Именно эта трудность однозначного бесспорного охвата всей области смеха рамками названного утверждения нанесла наиболее тяжкий урон теории комического. Не помогали даже самые изощренные и расширительные толкования тех мыслителей, которые видели единство всех форм смеха “яснее солнечного света”. Отчасти это и понятно: ведь и самые широкие толкования и определения не смогут убедить сомневающегося, ибо в его распоряжении имеются личные впечатления, воспоминания, примеры, в которых он никакого противостояния смеха злу не усматривает и потому решительно отказывается считать негативное начало источником любого рода комизма. Ограниченность взгляда, помноженная на неизбежную узость любого, пусть самого впечатляющего набора объяснительных примеров теоретика, делает скептика неуязвимым, “непробиваемым”. Почти что убежденный в предлагаемом ему объяснении существа дела, он отыскивает в памяти случай, противоречащий, как ему представляется, такому объяснению и … все возвращается на круги своя. Объяснение и определение уже кажется несовершенным, неверным; тайна смеха, словно проворная рыбка, проскальзывает сквозь ячею самых безупречных классификаций и формул. Все нужно начинать заново.

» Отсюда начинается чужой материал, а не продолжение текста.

lemma dirichlet_conv_moebius_divide_power_one:
  assumes "p > 0"
  shows "dirichlet_conv (\<lambda>n. dirichlet_conv f moebius n / of_nat n ^ p) (\<lambda>n. 1 / of_nat n ^ p) n
       = f n / of_nat n ^ p"
proof (cases "n = 0")
  case False
  then show ?thesis
    unfolding dirichlet_conv_divide_power[where \<beta> = "\<lambda>_. 1", simplified]
    by (simp add: dirichlet_conv_def[of _ "\<lambda>_. 1"] sum_divisors_dirichlet_conv_moebius)
qed (use assms in \<open>simp add: dirichlet_conv_def\<close>)

lemma abs_summable_dirichlet_conv_moebius_divide_power:
  fixes f :: "nat \<Rightarrow> complex"
  assumes p: "p \<ge> 2" and summable: "summable (\<lambda>n. norm (f (Suc n)) / real (Suc n) ^ p)"
  shows "(\<lambda>n. dirichlet_conv f moebius n / of_nat n ^ p) abs_summable_on UNIV"
proof (rule abs_summable_on_comparison_test)
  \<comment> \<open>Since \<open>|\<mu>| \<le> 1\<close>, the series is dominated by the Dirichlet product of \<open>|f|\<close> and \<open>\<zeta>\<close>.\<close>
  define F where "F n = complex_of_real (norm (f n)) / of_nat n ^ p" for n
  define w :: "nat \<Rightarrow> complex" where "w n = 1 / of_nat n ^ p" for n
  have "F abs_summable_on UNIV"
    unfolding F_def using summable by (intro abs_summable_divide_power) simp
  moreover have "w abs_summable_on UNIV"
    unfolding w_def using p by (rule abs_summable_inverse_power)
  ultimately have "dirichlet_conv F w summable_on UNIV"
    using has_sum_dirichlet_conv[of F w] p by (auto simp: F_def w_def summable_on_def)
  then show "dirichlet_conv F w abs_summable_on UNIV"
    by (simp add: summable_on_iff_abs_summable_on_complex)
  fix n
  have "dirichlet_conv F w n = complex_of_real (\<Sum>d | d dvd n. norm (f d)) / of_nat n ^ p"
    unfolding F_def w_def dirichlet_conv_divide_power[where \<beta> = "\<lambda>_. 1", simplified]
    by (simp add: dirichlet_conv_def)
  then have "norm (dirichlet_conv F w n) = (\<Sum>d | d dvd n. norm (f d)) / real n ^ p"
    by (simp add: norm_divide norm_power sum_nonneg del: of_real_sum)
  then show "norm (dirichlet_conv f moebius n / of_nat n ^ p) \<le> norm (dirichlet_conv F w n)"
    using norm_dirichlet_conv_moebius_le[of f n] by (simp add: norm_divide norm_power divide_right_mono)
qed

lemma dirichlet_conv_moebius_sums:
  fixes f :: "nat \<Rightarrow> complex"
  assumes p: "p \<ge> 2" and summable: "summable (\<lambda>n. norm (f (Suc n)) / real (Suc n) ^ p)"
  shows "(\<lambda>n. dirichlet_conv f moebius (Suc n) / of_nat (Suc n) ^ p)
           sums (dirichlet_series_at f p / complex_of_real (zeta_nat p))"
proof -
  define G where "G n = dirichlet_conv f moebius n / of_nat n ^ p" for n
  define w :: "nat \<Rightarrow> complex" where "w n = 1 / of_nat n ^ p" for n
  have G: "G abs_summable_on UNIV"
    unfolding G_def using p summable by (rule abs_summable_dirichlet_conv_moebius_divide_power)
  have w: "w abs_summable_on UNIV"
    unfolding w_def using p by (rule abs_summable_inverse_power)
  have "dirichlet_conv G w = (\<lambda>n. f n / of_nat n ^ p)"
    unfolding G_def w_def using p by (intro ext dirichlet_conv_moebius_divide_power_one) simp
  moreover have zero: "G 0 = 0" "w 0 = 0"
    using p by (simp_all add: G_def w_def)
  ultimately have "((\<lambda>n. f n / of_nat n ^ p) has_sum (infsum G UNIV * infsum w UNIV)) UNIV"
    using has_sum_dirichlet_conv[OF G w] by simp
  then have "dirichlet_series_at f p = infsum G UNIV * infsum w UNIV"
    using p by (intro dirichlet_series_at_eqI) simp_all
  moreover have "infsum w UNIV = complex_of_real (zeta_nat p)"
    unfolding w_def using p by (rule zeta_nat_eq_infsum[symmetric])
  moreover have "zeta_nat p \<noteq> 0"
    using zeta_nat_pos[OF p] by simp
  ultimately have "dirichlet_series_at f p / complex_of_real (zeta_nat p) = infsum G UNIV"
    by simp
  moreover have "(\<lambda>n. G (Suc n)) sums infsum G UNIV"
    using abs_summable_summable[OF G] zero(1) by (intro has_sum_imp_sums_Suc) simp_all
  ultimately show ?thesis
    by (simp add: G_def)
qed

section \<open>The mean value\<close>

lemma real_div_nat_bounds:
  fixes N d :: nat
  shows "real (N div d) \<le> real N / real d" "real N / real d < real (N div d) + 1"
proof -
  have "real (N div d) = of_int \<lfloor>real N / real d\<rfloor>"
    by (simp add: floor_divide_of_nat_eq)
  then show "real (N div d) \<le> real N / real d" "real N / real d < real (N div d) + 1"
    by simp_all
qed

lemma abs_div_times_div_minus_le:
  fixes N d e :: nat
  assumes "0 < d" "d \<le> e"
  shows "\<bar>real (N div d) * real (N div e) - real N / real d * (real N / real e)\<bar> \<le> 2 * (real N / real d)"
proof -
  define x y where "x = real N / real d" and "y = real N / real e"
  define q r where "q = real (N div d)" and "r = real (N div e)"
  have q: "0 \<le> q" "q \<le> x" "x - q \<le> 1" and r: "0 \<le> r" "r \<le> y" "y - r \<le> 1"
    using real_div_nat_bounds[of N d] real_div_nat_bounds[of N e]
    unfolding x_def y_def q_def r_def by linarith+
  have "y \<le> x"
    using assms unfolding x_def y_def by (simp add: frac_le)
  have "q * r \<le> x * y"
    using q r by (intro mult_mono) auto
  moreover have "(x - q) * y \<le> y" "q * (y - r) \<le> q"
    using q r by (auto intro: mult_left_le_one_le mult_left_le)
  moreover have "x * y - q * r = (x - q) * y + q * (y - r)"
    by (simp add: algebra_simps)
  ultimately have "\<bar>q * r - x * y\<bar> \<le> 2 * x"
    using q \<open>y \<le> x\<close> by linarith
  then show ?thesis
    unfolding x_def y_def q_def r_def .
qed

lemma norm_div_times_div_approx_le:
  fixes c :: complex and N d b :: nat
  assumes "N > 0" "d > 0" "b \<ge> 1"
  shows "norm (c * of_nat (N div d) * of_nat (N div d ^ b) / of_nat (N * N) - c / of_nat d ^ (b + 1))
         \<le> 2 * (norm c / real d) / real N"
proof -
  define D where "D = real (N div d) * real (N div d ^ b) - real N / real d * (real N / real (d ^ b))"
  have "d \<le> d ^ b"
    using assms by (simp add: self_le_power)
  then have D: "\<bar>D\<bar> \<le> 2 * (real N / real d)"
    unfolding D_def using assms by (intro abs_div_times_div_minus_le) auto
  have eq: "c * of_nat (N div d) * of_nat (N div d ^ b) / of_nat (N * N) - c / of_nat d ^ (b + 1)
      = c * complex_of_real (D / (real N * real N))"
    using assms unfolding D_def by (simp add: field_simps)
  have "norm (c * of_nat (N div d) * of_nat (N div d ^ b) / of_nat (N * N) - c / of_nat d ^ (b + 1))
      = norm c * (\<bar>D\<bar> / (real N * real N))"
    unfolding eq norm_mult norm_of_real by simp
  also have "\<dots> \<le> norm c * (2 * (real N / real d) / (real N * real N))"
    using D by (intro mult_left_mono divide_right_mono) auto
  also have "\<dots> = 2 * (norm c / real d) / real N"
    using assms by (simp add: field_simps)
  finally show ?thesis .
qed

lemma tendsto_mean_floor_sum:
  fixes g :: "nat \<Rightarrow> complex"
  assumes b: "b \<ge> 1"
    and cesaro: "(\<lambda>N. (\<Sum>k = 1..N. norm (g k) / real k) / real N) \<longlonglongrightarrow> 0"
    and series: "(\<lambda>N. \<Sum>d = 1..N. g d / of_nat d ^ (b + 1)) \<longlonglongrightarrow> L"
  shows "(\<lambda>N. (\<Sum>d = 1..N. g d * of_nat (N div d) * of_nat (N div d ^ b)) / of_nat (N * N)) \<longlonglongrightarrow> L"
proof -
  define M where "M N = (\<Sum>d = 1..N. g d * of_nat (N div d) * of_nat (N div d ^ b)) / of_nat (N * N)" for N
  define T where "T N = (\<Sum>d = 1..N. g d / of_nat d ^ (b + 1))" for N
  have bound: "norm (M N - T N) \<le> 2 * ((\<Sum>k = 1..N. norm (g k) / real k) / real N)" if "N > 0" for N
  proof -
    have "norm (M N - T N) \<le> (\<Sum>d = 1..N.
        norm (g d * of_nat (N div d) * of_nat (N div d ^ b) / of_nat (N * N) - g d / of_nat d ^ (b + 1)))"
      unfolding M_def T_def sum_divide_distrib sum_subtractf[symmetric] by (rule norm_sum)
    also have "\<dots> \<le> (\<Sum>d = 1..N. 2 * (norm (g d) / real d) / real N)"
      using that b by (intro sum_mono norm_div_times_div_approx_le) auto
    also have "\<dots> = 2 * ((\<Sum>k = 1..N. norm (g k) / real k) / real N)"
      by (simp add: sum_distrib_left sum_divide_distrib)
    finally show ?thesis .
  qed
  have "(\<lambda>N. M N - T N) \<longlonglongrightarrow> 0"
  proof (rule Lim_null_comparison)
    show "\<forall>\<^sub>F N in sequentially. norm (M N - T N) \<le> 2 * ((\<Sum>k = 1..N. norm (g k) / real k) / real N)"
      using eventually_gt_at_top[of 0] by eventually_elim (rule bound)
    show "(\<lambda>N. 2 * ((\<Sum>k = 1..N. norm (g k) / real k) / real N)) \<longlonglongrightarrow> 0"
      using tendsto_mult_right_zero[OF cesaro, of 2] .
  qed
  then have "(\<lambda>N. (M N - T N) + T N) \<longlonglongrightarrow> 0 + L"
    using series unfolding T_def by (intro tendsto_add)
  then show ?thesis
    by (simp add: M_def)
qed

section \<open>Bounded functions\<close>

lemma sum_inverse_le_one_plus_ln:
  fixes N :: nat
  assumes "N \<ge> 1"
  shows "(\<Sum>k = 1..N. 1 / real k) \<le> 1 + ln (real N)"
  using assms
proof (induction N rule: dec_induct)
  case (step n)
  have "ln (real n / real (Suc n)) \<le> real n / real (Suc n) - 1"
    using step.hyps by (intro ln_le_minus_one) auto
  then have "1 / real (Suc n) \<le> ln (real (Suc n)) - ln (real n)"
    using step.hyps by (simp add: ln_divide_pos field_simps)
  then show ?case
    using step.IH by simp
qed simp

lemma sum_divisor_count_le:
  fixes N :: nat
  shows "(\<Sum>k = 1..N. real (card {d. d dvd k}) / real k) \<le> (\<Sum>d = 1..N. 1 / real d) ^ 2"
proof -
  have "(\<Sum>k = 1..N. real (card {d. d dvd k}) / real k)
      = (\<Sum>k = 1..N. \<Sum>d = 1..N. if d dvd k then 1 / real k else 0)"
  proof (intro sum.cong refl)
    fix k assume "k \<in> {1..N}"
    then have "{d. d dvd k} = {d \<in> {1..N}. d dvd k}"
      by (auto dest: dvd_imp_le intro: Nat.gr0I)
    then show "real (card {d. d dvd k}) / real k = (\<Sum>d = 1..N. if d dvd k then 1 / real k else 0)"
      by (simp add: sum.inter_filter[symmetric])
  qed
  also have "\<dots> = (\<Sum>d = 1..N. \<Sum>k = 1..N. if d dvd k then 1 / real k else 0)"
    by (rule sum.swap)
  also have "\<dots> = (\<Sum>d = 1..N. \<Sum>m = 1..N div d. 1 / real d * (1 / real m))"
  proof (rule sum.cong[OF refl])
    fix d assume "d \<in> {1..N}"
    have "(\<Sum>k = 1..N. if d dvd k then 1 / real k else 0) = (\<Sum>k \<in> {k \<in> {1..N}. d dvd k}. 1 / real k)"
      by (rule sum.inter_filter[symmetric]) simp
    also have "\<dots> = (\<Sum>m = 1..N div d. 1 / real d * (1 / real m))"
      using \<open>d \<in> {1..N}\<close> by (subst multiples_atLeastAtMost_eq) (simp_all add: sum.reindex inj_on_def)
    finally show "(\<Sum>k = 1..N. if d dvd k then 1 / real k else 0) = (\<Sum>m = 1..N div d. 1 / real d * (1 / real m))" .
  qed
  also have "\<dots> \<le> (\<Sum>d = 1..N. \<Sum>m = 1..N. 1 / real d * (1 / real m))"
    by (intro sum_mono sum_mono2) auto
  also have "\<dots> = (\<Sum>d = 1..N. 1 / real d) ^ 2"
    by (simp add: power2_eq_square sum_product)
  finally show ?thesis .
qed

Но все же попытаемся заглянуть за барьеры определений и классификаций с тем, чтобы дать общий контур феномена смеха и внимательно вглядеться в существо чувства, разрешающегося в смехе, в котором все очевидно и все - тайна.

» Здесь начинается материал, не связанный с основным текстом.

text \<open>Gaussian elimination on a finite family \<open>C\<^sub>0, \<dots>, C\<^bsub>N-1\<^esub>\<close>: an independent subfamily indexed by
  pivots \<open>S\<close> spans every \<open>C\<^sub>k\<close>, and the coefficient sequence of pivot \<open>s\<close> starts at position \<open>s\<close>
  with a \<open>1\<close> (each vector is added as a pivot exactly when it is new).\<close>
lemma (in vector_space) triangular_spanning_subfamily:
  fixes C :: "nat \<Rightarrow> 'b"
  shows "\<exists>S c. S \<subseteq> {..<N} \<and> inj_on C S \<and> independent (C ` S)
     \<and> (\<forall>k<N. C k = (\<Sum>s\<in>S. scale (c s k) (C s)))
     \<and> (\<forall>s\<in>S. c s s = 1 \<and> (\<forall>k<s. c s k = 0))"
proof (induction N)
  case 0
  show ?case by (rule exI[of _ "{}"]) (auto simp: independent_empty)
next
  case (Suc N)
  then obtain S c where S: "S \<subseteq> {..<N}" and inj: "inj_on C S" and ind: "independent (C ` S)"
    and rep: "\<forall>k<N. C k = (\<Sum>s\<in>S. scale (c s k) (C s))"
    and nrm: "\<forall>s\<in>S. c s s = 1 \<and> (\<forall>k<s. c s k = 0)" by blast
  have finS: "finite S" using S finite_subset by blast
  show ?case
  proof (cases "C N \<in> span (C ` S)")
    case True
    then obtain u where "C N = (\<Sum>v\<in>C ` S. scale (u v) v)"
      using span_finite[of "C ` S"] finS by auto
    also have "\<dots> = (\<Sum>s\<in>S. scale (u (C s)) (C s))"
      by (subst sum.reindex[OF inj]) simp
    finally have u: "C N = (\<Sum>s\<in>S. scale (u (C s)) (C s))" .
    define c' where "c' s k = (if k = N then u (C s) else c s k)" for s k
    show ?thesis
    proof (intro exI[of _ S] exI[of _ c'] conjI)
      show "\<forall>k<Suc N. C k = (\<Sum>s\<in>S. scale (c' s k) (C s))"
        using rep u by (auto simp: c'_def less_Suc_eq)
      show "\<forall>s\<in>S. c' s s = 1 \<and> (\<forall>k<s. c' s k = 0)"
        using nrm S by (auto simp: c'_def)
    qed (use S inj ind in auto)
  next
    case False
    define c' where "c' s k = (if s = N then (if k = N then 1 else 0) else if k = N then 0 else c s k)"
      for s k
    have NS: "N \<notin> S" using S by auto
    have new: "C N \<notin> C ` S" using False span_base[of _ "C ` S"] by blast
    show ?thesis
    proof (intro exI[of _ "insert N S"] exI[of _ c'] conjI)
      show "inj_on C (insert N S)" using inj new NS by simp
      show "independent (C ` insert N S)" using ind False new by (simp add: independent_insert)
      show "\<forall>k<Suc N. C k = (\<Sum>s\<in>insert N S. scale (c' s k) (C s))"
      proof (intro allI impI)
        fix k assume k: "k < Suc N"
        have "(\<Sum>s\<in>S. scale (c' s k) (C s)) = (if k = N then 0 else C k)"
          using rep k NS by (auto simp: c'_def less_Suc_eq intro!: sum.neutral sum.cong)
        then show "C k = (\<Sum>s\<in>insert N S. scale (c' s k) (C s))"
          using finS NS by (auto simp: c'_def)
      qed
      show "\<forall>s\<in>insert N S. c' s s = 1 \<and> (\<forall>k<s. c' s k = 0)"
        using nrm S by (auto simp: c'_def)
    qed (use S in auto)
  qed
qed

lemma (in vector_space) in_span_of_invertible_combinations:
  fixes v :: "nat \<Rightarrow> 'b" and A :: "'a mat"
  assumes A: "A \<in> carrier_mat d d" and det: "det A \<noteq> 0" and j: "j < d"
  shows "v j \<in> span ((\<lambda>l. \<Sum>i = 0..<d. scale (A $$ (i,l)) (v i)) ` {0..<d})"
proof -
  let ?w = "\<lambda>l. \<Sum>i = 0..<d. scale (A $$ (i,l)) (v i)"
  obtain B where B: "B \<in> carrier_mat d d" and AB: "A * B = 1\<^sub>m d"
    using det_non_zero_imp_unit[OF A det] unfolding Units_def ring_mat_def by auto
  have "(\<Sum>l = 0..<d. scale (B $$ (l,j)) (?w l))
      = (\<Sum>l = 0..<d. \<Sum>i = 0..<d. scale (A $$ (i,l) * B $$ (l,j)) (v i))"
    by (simp add: scale_sum_right mult.commute)
  also have "\<dots> = (\<Sum>i = 0..<d. scale (\<Sum>l = 0..<d. A $$ (i,l) * B $$ (l,j)) (v i))"
    by (subst sum.swap) (simp add: scale_sum_left)
  also have "\<dots> = (\<Sum>i = 0..<d. scale ((A * B) $$ (i,j)) (v i))"
    using A B j by (intro sum.cong refl) (simp add: scalar_prod_def)
  also have "\<dots> = (\<Sum>i = 0..<d. if i = j then v i else 0)"
    using j by (intro sum.cong refl) (simp add: AB)
  also have "\<dots> = v j"
    using j by simp
  finally have v: "v j = (\<Sum>l = 0..<d. scale (B $$ (l,j)) (?w l))" ..
  have "?w l \<in> span (?w ` {0..<d})" if "l \<in> {0..<d}" for l
    using that by (intro span_base) simp
  then show ?thesis by (subst v) (rule span_sum, rule span_scale)
qed

lemma (in vector_space) pivot_coordinates:
  fixes C :: "nat \<Rightarrow> 'b"
  assumes N: "N \<ge> 1" and dim: "\<And>X. independent X \<Longrightarrow> card X \<le> L"
  obtains d s q where "d \<le> L" and "inj_on s {0..<d}" and "\<forall>i<d. s i < N"
    and "\<forall>i<d. degree (q i) < N"
    and "\<forall>i<d. coeff (q i) (s i) = 1 \<and> (\<forall>k<s i. coeff (q i) k = 0)"
    and "\<forall>k<N. C k \<in> span ((\<lambda>i. C (s i)) ` {0..<d})"
    and "\<And>z. (\<Sum>k<N. scale (z ^ k) (C k)) = (\<Sum>i = 0..<d. scale (poly (q i) z) (C (s i)))"
proof -
  obtain S c where S: "S \<subseteq> {..<N}" and inj: "inj_on C S" and ind: "independent (C ` S)"
    and rep: "\<forall>k<N. C k = (\<Sum>t\<in>S. scale (c t k) (C t))"
    and nrm: "\<forall>t\<in>S. c t t = 1 \<and> (\<forall>k<t. c t k = 0)"
    using triangular_spanning_subfamily[of N C] by blast
  define d where "d = card S"
  obtain s where "bij_betw s {0..<d} S"
    using ex_bij_betw_nat_finite[of S] finite_subset[OF S] by (auto simp: d_def)
  then have s_inj: "inj_on s {0..<d}" and S_s: "S = s ` {0..<d}"
    by (auto simp: bij_betw_def)
  have s_S: "s i \<in> S" if "i < d" for i
    using S_s that by simp
  then have s_N: "s i < N" if "i < d" for i
    using S that by blast
  define q where "q i = (\<Sum>k<N. monom (c (s i) k) k)" for i
  have coeff_q: "coeff (q i) k = (if k < N then c (s i) k else 0)" for i k
    by (simp add: q_def coeff_sum coeff_monom)
  show ?thesis
  proof (rule that[of d s q])
    show "d \<le> L" using dim[OF ind] card_image[OF inj] by (simp add: d_def)
    show "inj_on s {0..<d}" "\<forall>i<d. s i < N" using s_inj s_N by blast+
    show "\<forall>i<d. degree (q i) < N"
      using N by (auto intro!: le_less_trans[OF degree_le[of "N - 1"]] simp: coeff_q)
    show "\<forall>i<d. coeff (q i) (s i) = 1 \<and> (\<forall>k<s i. coeff (q i) k = 0)"
      using s_S s_N nrm by (auto simp: coeff_q)
    show "\<forall>k<N. C k \<in> span ((\<lambda>i. C (s i)) ` {0..<d})"
    proof (intro allI impI)
      fix k assume "k < N"
      have "(\<Sum>t\<in>S. scale (c t k) (C t)) \<in> span (C ` S)"
        by (intro span_sum span_scale span_base) auto
      then show "C k \<in> span ((\<lambda>i. C (s i)) ` {0..<d})"
        using rep \<open>k < N\<close> by (simp add: S_s image_image)
    qed
    fix z
    have "(\<Sum>k<N. scale (z ^ k) (C k)) = (\<Sum>k<N. \<Sum>t\<in>S. scale (z ^ k * c t k) (C t))"
      using rep by (simp add: scale_sum_right)
    also have "\<dots> = (\<Sum>t\<in>S. scale (\<Sum>k<N. c t k * z ^ k) (C t))"
      by (subst sum.swap) (simp add: scale_sum_left mult.commute)
    also have "\<dots> = (\<Sum>i = 0..<d. scale (poly (q i) z) (C (s i)))"
      unfolding S_s by (subst sum.reindex[OF s_inj]) (simp add: q_def poly_sum poly_monom)
    finally show "(\<Sum>k<N. scale (z ^ k) (C k)) = (\<Sum>i = 0..<d. scale (poly (q i) z) (C (s i)))" .
  qed
qed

Смех парадоксален. Смех парадоксален потому, что не соответствует предмету, который его вызывает, и в этом, внешне неприметном, несоответствии кроется, может быть, главнейшая особенность смеха. Человеческие эмоции, если, конечно, не брать в расчет патологию и “бытовую” истерию, суть отклики на соответствующие им по своему прагматическому значению предметы. Нечто неприятное закономерно вызывает в нас огорчение и неприязнь. Что-то удивительное влечет за собой удивление, интерес, нечто страшное – испуг, ужас. Иначе говоря, характер вещи, являющийся в ее отношении к нам, ее прагматика обнаруживается в чувстве, которое эта вещь провоцирует.

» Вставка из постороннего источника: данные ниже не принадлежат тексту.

(* Let $2\le d\leq n+1$ and $0<t<t_{n,d}=\frac{d}{n+1}$. Then every point of $Z_1\cup Z_2$ is GIT$_t$-unstable. In particular, $\big((H_{n,d}\times H_{n,1})\setminus(Z_1\cup Z_2)\big)^{ss}_t=(H_{n,d}\times H_{n,1})^{ss}_t$.
   Context: $H_{n,d}=\mathbb P(H^0(\mathbb P^{n+1},\mathcal O(d)))$, $H_{n,1}$ the space of hyperplanes of $\mathbb P^{n+1}$; $G=\mathrm{SL}(n+2,\mathbb C)$ acts naturally on $H_{n,d}\times H_{n,1}$. For $a,b>0$ let $\mathcal O(a,b)=\pi_1^*\mathcal O_{H_{n,d}}(a)\otimes\pi_2^*\mathcal O_{H_{n,1}}(b)$ with its natural $G$-linearisation; for rational $t=b/a>0$, GIT$_t$-(semi)stability means GIT (semi)stability with respect to $\mathcal O(a,b)$, and $(\cdot)^{ss}_t$ denotes the GIT$_t$-semistable locus. $Z_1$ is the locus of $(p,l)$ with $\mathrm{Supp}\{l=0\}\subseteq\mathrm{Supp}\{p=0\}$; $Z_2$ is the locus of $(p,l)$ such that, with $X=\{p=0\}$, $H=\{l=0\}$, there is a hyperplane $H'\ne H$ with $X\cap H=X\cap H'$. *)

theory Defs
  imports "HOL-Analysis.Analysis"
begin

text \<open>Variables x_0..x_{n+1} of P^{n+1} are indexed by a finite type 'v with CARD('v) = n+2.
  A point of P^{n+1} is represented by a vector in complex^'v (the zero vector is harmless below).\<close>

definition monoms :: "nat \<Rightarrow> ('v::finite \<Rightarrow> nat) set" where
  "monoms d = {m. sum m UNIV = d}"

Могут сказать, что точно так же и нечто смешное вызывает в человеке смех, и потому к только что рассмотренной цепочке соответствий можно добавить еще одно звено, не нарушив при этом общего принципа сочленения. Нельзя, ибо нарушение здесь есть, и, хотя дело идет о смехе, нарушение весьма серьезное. Смех – единственный из всех эмоциональных ответов, который во многом противоречит предмету его породившему. А это означает, что смех, выражающий несомненно приятное, радостное чувство, оказывается при пристальном рассмотрении ответом на событие, в котором человеческий глаз или ухо уловили, помимо всего прочего, нечто достойное осуждения и отрицания.

Конечно же, речь идет о зле в самом широком толковании, обнимающем и реальную угрозу, бессильную перед твердостью духа, и бесхитростные цирковые обливания водой, удары по голове, падения на арене, и самые тонкие проявления негативности, возникающие в ситуациях пресловутого “несоответствия формы и содержания”; кстати, приставка “не” уже оповещает нас о какой-то деформации, отклонении от нормы. Сюда же идут и случаи контекстных нелепостей, когда сама по себе несмешная вещь попадает в такое окружение, что делается смешной. Рассказанная Версиловым в “Подростке” история о человеке, который – то ли от нервного напряжения, то ли еще от чего – вдруг неожиданно для себя самого “засвистал” на похоронах, охватывает почти всю шкалу вариантов негативности, порождая смех читателя, надежно прикрытого от события эстетической дистанцией. Здесь есть зло и в его мыслимом пределе (смерть, похороны), и в виде аномальной реакции персонажа, и вообще в самом факте абсурдности, нелепости случившегося. Нелепости, впрочем, лишь по меркам нынешним: архаический ритуал хорошо знаком с такого рода превращенными “радостными” формами отношения к смерти…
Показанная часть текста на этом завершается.